→ YOUR TASK:
Copy each line below that has "noteq".

(DATA FOR THIS EXERCISE)

(* Consider the $T$-round online first-price auction problem and the combined policy described in the context. For a sequence $(v_t,m_t)_{t=1}^T$, let $V_T\coloneqq\sum_{t=2}^T|m_t-m_{t-1}|$ and $L_T\coloneqq\sum_{t=2}^T\mathbbm{1}(m_t\ne m_{t-1})$, and assume $V_T=\Omega(\ln T)$. Then the combined policy achieves expected dynamic regret $\tilde{O}(\min\{\sqrt{TV_T},L_T\})$.
   Context: Online first-price auction over $T$ rounds: at each round $t$ the learner observes a private value $v_t\in[0,1]$, submits a bid $b_t\in[0,1]$ (possibly randomized, depending only on past $(v_s,m_s)_{s<t}$ and $v_t$), then observes $m_t\in[0,1]$, the highest bid of the other bidders, and receives reward $r(b_t;v_t,m_t)$ with $r(b;v,m)\coloneqq(v-b)\mathbbm{1}(b\ge m)$. The expected dynamic regret is $\mathbb{E}[\mathrm{DR}_T(\pi)]\coloneqq\sum_{t=1}^T\max\{v_t-m_t,0\}-\sum_{t=1}^T\mathbb{E}[r(b_t;v_t,m_t)]$. $\tilde{O}(\cdot)$ hides polylogarithmic factors in $T$. Base policy $\mathcal{A}$ (AR-Prod): experts $i\in\{1,\dots,N\}$, $N=1/\epsilon$, $\epsilon=1/T$, expert $i$ bids $\min\{v_t,i\epsilon\}$ with reward $r_{t,i}=r(\min\{v_t,i\epsilon\};v_t,m_t)$; time is split into batches, at the start of each batch weights reset to uniform; bid $\min\{v_t,i\epsilon\}$ is chosen w.p. $p_{t,i}$, then $p_{t+1,i}\propto(1+\eta(r_{t,i}-\mu_t))p_{t,i}$ with $\eta=1/2$, $\mu_t=\max\{v_t-m_t,0\}$; batch $j$ continues while its current length $\Delta_{T,j}<\sqrt{T/(\sum_{i=1}^jV_{T,i}+1/T)}$, where $V_{T,i}$ is the variation $\sum|m_t-m_{t-1}|$ over consecutive rounds within batch $i$ (so far, for the current batch). Base policy $\mathcal{B}$ (AR-OMD): same experts (with suitably chosen precision $\epsilon$ and learning rate $\eta$); a new batch begins at round $t+1$ whenever at a non-first round $t$ of the batch $m_t\ne m_{t-1}$; in round $t$ of a batch starting at $t_0$, bid $\min\{v_t,i\epsilon\}$ w.p. $p_{t,i}\propto\exp(\eta(\sum_{s=t_0}^{t-1}r_{s,i}+r(\min\{v_t,i\epsilon\};v_t,m_{t-1})))$. Combined policy: with $\eta'=\frac12\sqrt{\ln T/T}$, $w_1^{\mathcal{A}}=\eta'$, $w^{\mathcal{B}}=1-\eta'$ (fixed); at each round both base policies produce bids $b_t^{\mathcal{A}},b_t^{\mathcal{B}}$; the learner bids $b_t^{\mathcal{A}}$ with probability $p_t=w_t^{\mathcal{A}}/(w_t^{\mathcal{A}}+w^{\mathcal{B}})$ and $b_t^{\mathcal{B}}$ otherwise; after observing $m_t$ (which is passed to both base policies), set $\delta_t=r(b_t^{\mathcal{A}};v_t,m_t)-r(b_t^{\mathcal{B}};v_t,m_t)$ and $w_{t+1}^{\mathcal{A}}=w_t^{\mathcal{A}}(1+\eta'\delta_t)$. *)

theory Defs
  imports "HOL-Probability.Probability"
begin

definition r :: "real \<Rightarrow> real \<Rightarrow> real \<Rightarrow> real" where
  "r b v m = (if b \<ge> m then v - b else 0)"

definition wpmf :: "nat \<Rightarrow> (nat \<Rightarrow> real) \<Rightarrow> nat pmf" where
  "wpmf N w = embed_pmf (\<lambda>i. if i \<in> {1..N} then w i / (\<Sum>j=1..N. w j) else 0)"

text \<open>AR-Prod (epsilon = 1/T, N = T experts, eta = 1/2).
  prodState T v m t is the state at the start of round t+1:
  (start of current batch, total variation of completed batches, unnormalised weights).\<close>
fun prodState :: "nat \<Rightarrow> (nat \<Rightarrow> real) \<Rightarrow> (nat \<Rightarrow> real) \<Rightarrow> nat \<Rightarrow> nat \<times> real \<times> (nat \<Rightarrow> real)" where
  "prodState T v m 0 = (1, 0, (\<lambda>i. 1))"
| "prodState T v m (Suc t) = (case prodState T v m t of (s, Vp, w) \<Rightarrow>
     let u = Suc t;
         mu = max (v u - m u) 0;
         w' = (\<lambda>i. w i * (1 + (1/2) * (r (min (v u) (real i / real T)) (v u) (m u) - mu)));
         Vc = (\<Sum>k\<in>{s<..u}. \<bar>m k - m (k - 1)\<bar>);
         len = u - s + 1
     in if real len < sqrt (real T / (Vp + Vc + 1 / real T))
        then (s, Vp, w')
        else (Suc u, Vp + Vc, (\<lambda>i. 1)))"

definition bidA :: "nat \<Rightarrow> (nat \<Rightarrow> real) \<Rightarrow> (nat \<Rightarrow> real) \<Rightarrow> nat \<Rightarrow> real pmf" where
  "bidA T v m t = map_pmf (\<lambda>i. min (v t) (real i / real T))
                    (wpmf T (snd (snd (prodState T v m (t - 1)))))"

text \<open>AR-OMD batch structure: start of the batch containing round t (t \<ge> 1).\<close>
fun omdStart :: "(nat \<Rightarrow> real) \<Rightarrow> nat \<Rightarrow> nat" where
  "omdStart m 0 = 1"
| "omdStart m (Suc t) = (if t = 0 then 1 else
     (let t0 = omdStart m t in if t \<noteq> t0 \<and> m t \<noteq> m (t - 1) then Suc t else t0))"

text \<open>Bid distribution of AR-OMD at round t with NB experts (epsilon = 1/NB) and rate eta.\<close>
definition bidB :: "nat \<Rightarrow> real \<Rightarrow> (nat \<Rightarrow> real) \<Rightarrow> (nat \<Rightarrow> real) \<Rightarrow> nat \<Rightarrow> real pmf" where
  "bidB NB eta v m t = map_pmf (\<lambda>i. min (v t) (real i / real NB))
     (wpmf NB (\<lambda>i. exp (eta * ((\<Sum>s\<in>{omdStart m t..<t}. r (min (v s) (real i / real NB)) (v s) (m s))
                              + r (min (v t) (real i / real NB)) (v t) (m (t - 1))))))"

definition etaC :: "nat \<Rightarrow> real" where
  "etaC T = (1/2) * sqrt (ln (real T) / real T)"

text \<open>Distribution of the (random) weight w^A at the start of round t+1.\<close>
fun wDist :: "nat \<Rightarrow> nat \<Rightarrow> real \<Rightarrow> (nat \<Rightarrow> real) \<Rightarrow> (nat \<Rightarrow> real) \<Rightarrow> nat \<Rightarrow> real pmf" where
  "wDist T NB eta v m 0 = return_pmf (etaC T)"
| "wDist T NB eta v m (Suc t) =
     bind_pmf (wDist T NB eta v m t) (\<lambda>w.
     bind_pmf (bidA T v m (Suc t)) (\<lambda>bA.
     map_pmf (\<lambda>bB. w * (1 + etaC T * (r bA (v (Suc t)) (m (Suc t)) - r bB (v (Suc t)) (m (Suc t)))))
       (bidB NB eta v m (Suc t))))"

definition learnerBid :: "nat \<Rightarrow> nat \<Rightarrow> real \<Rightarrow> (nat \<Rightarrow> real) \<Rightarrow> (nat \<Rightarrow> real) \<Rightarrow> nat \<Rightarrow> real pmf" where
  "learnerBid T NB eta v m t =
     bind_pmf (wDist T NB eta v m (t - 1)) (\<lambda>w.
     bind_pmf (bidA T v m t) (\<lambda>bA.
     bind_pmf (bidB NB eta v m t) (\<lambda>bB.
     map_pmf (\<lambda>c. if c then bA else bB) (bernoulli_pmf (w / (w + (1 - etaC T)))))))"

definition expDR :: "nat \<Rightarrow> nat \<Rightarrow> real \<Rightarrow> (nat \<Rightarrow> real) \<Rightarrow> (nat \<Rightarrow> real) \<Rightarrow> real" where
  "expDR T NB eta v m =
     (\<Sum>t=1..T. max (v t - m t) 0)
     - (\<Sum>t=1..T. measure_pmf.expectation (learnerBid T NB eta v m t) (\<lambda>b. r b (v t) (m t)))"

definition VT :: "(nat \<Rightarrow> real) \<Rightarrow> nat \<Rightarrow> real" where
  "VT m T = (\<Sum>t=2..T. \<bar>m t - m (t - 1)\<bar>)"

definition LT :: "(nat \<Rightarrow> real) \<Rightarrow> nat \<Rightarrow> real" where
  "LT m T = real (card {t\<in>{2..T}. m t \<noteq> m (t - 1)})"

end

theory Submission
  imports Defs
begin

text \<open>
  AR-Prod restarts Prod with uniform weights whenever the current batch outlives
  \<open>\<surd>(T / (V + 1/T))\<close>, where \<open>V\<close> is the variation of \<open>m\<close> seen so far.  Within a batch,
  \<open>m\<close> stays within the batch variation \<open>V\<^sub>b\<close> of its initial value, so a single grid bid loses
  at most \<open>2 V\<^sub>b + 1/T\<close> per round against the dynamic benchmark.  The Prod bound turns this
  into regret \<open>2 ln T + 2 + l (4 V\<^sub>b + 2/T)\<close> for a batch of length \<open>l\<close>, and the length
  threshold makes \<open>l V\<^sub>b\<close> an increment of \<open>\<surd>T \<surd>(V + 1/T)\<close>; summing over batches gives
  \<open>O(ln T \<surd>(T V\<^sub>T))\<close>.

  AR-OMD restarts whenever \<open>m\<close> changes.  In a round with \<open>m t = m (t - 1)\<close> its exponential
  weights are computed against a constant competing bid, for which the least grid bid above it
  is the best expert in every round of the batch; such a round costs at most \<open>1/N + N/\<eta>\<close>, so
  AR-OMD has regret \<open>O(L\<^sub>T)\<close>.

  The learner runs Prod on the two base policies with the weight of AR-OMD frozen at
  \<open>1 - \<eta>'\<close>.  The potentials \<open>E ln (w + 1 - \<eta>')\<close> and \<open>E ln w\<close> of the random weight \<open>w\<close> of
  AR-Prod show that the learner is within \<open>2\<close> of AR-OMD and within
  \<open>2 \<eta>' T + ln (1/\<eta>') / \<eta>' = O(\<surd>(T ln T))\<close> of AR-Prod.  Once \<open>V\<^sub>T \<ge> 1\<close>, which
  \<open>V\<^sub>T \<ge> c ln T\<close> guarantees for large \<open>T\<close>, all additive terms are absorbed.
\<close>

section \<open>Expectations over finitely supported distributions\<close>

lemma expectation_bind_pmf_finite:
  fixes f :: "'b \<Rightarrow> real"
  assumes "finite (set_pmf M)" "\<And>x. x \<in> set_pmf M \<Longrightarrow> finite (set_pmf (N x))"
  shows "measure_pmf.expectation (bind_pmf M N) f
           = measure_pmf.expectation M (\<lambda>x. measure_pmf.expectation (N x) f)"
  by (simp add: pmf_expectation_bind[OF assms order.refl] integral_measure_pmf[OF assms(1)])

(End DATA FOR THIS EXERCISE)

→ OUTPUT BELOW:
     (let t0 = omdStart m t in if t \<noteq> t0 \<and> m t \<noteq> m (t - 1) then Suc t else t0))"
  "LT m T = real (card {t\<in>{2..T}. m t \<noteq> m (t - 1)})"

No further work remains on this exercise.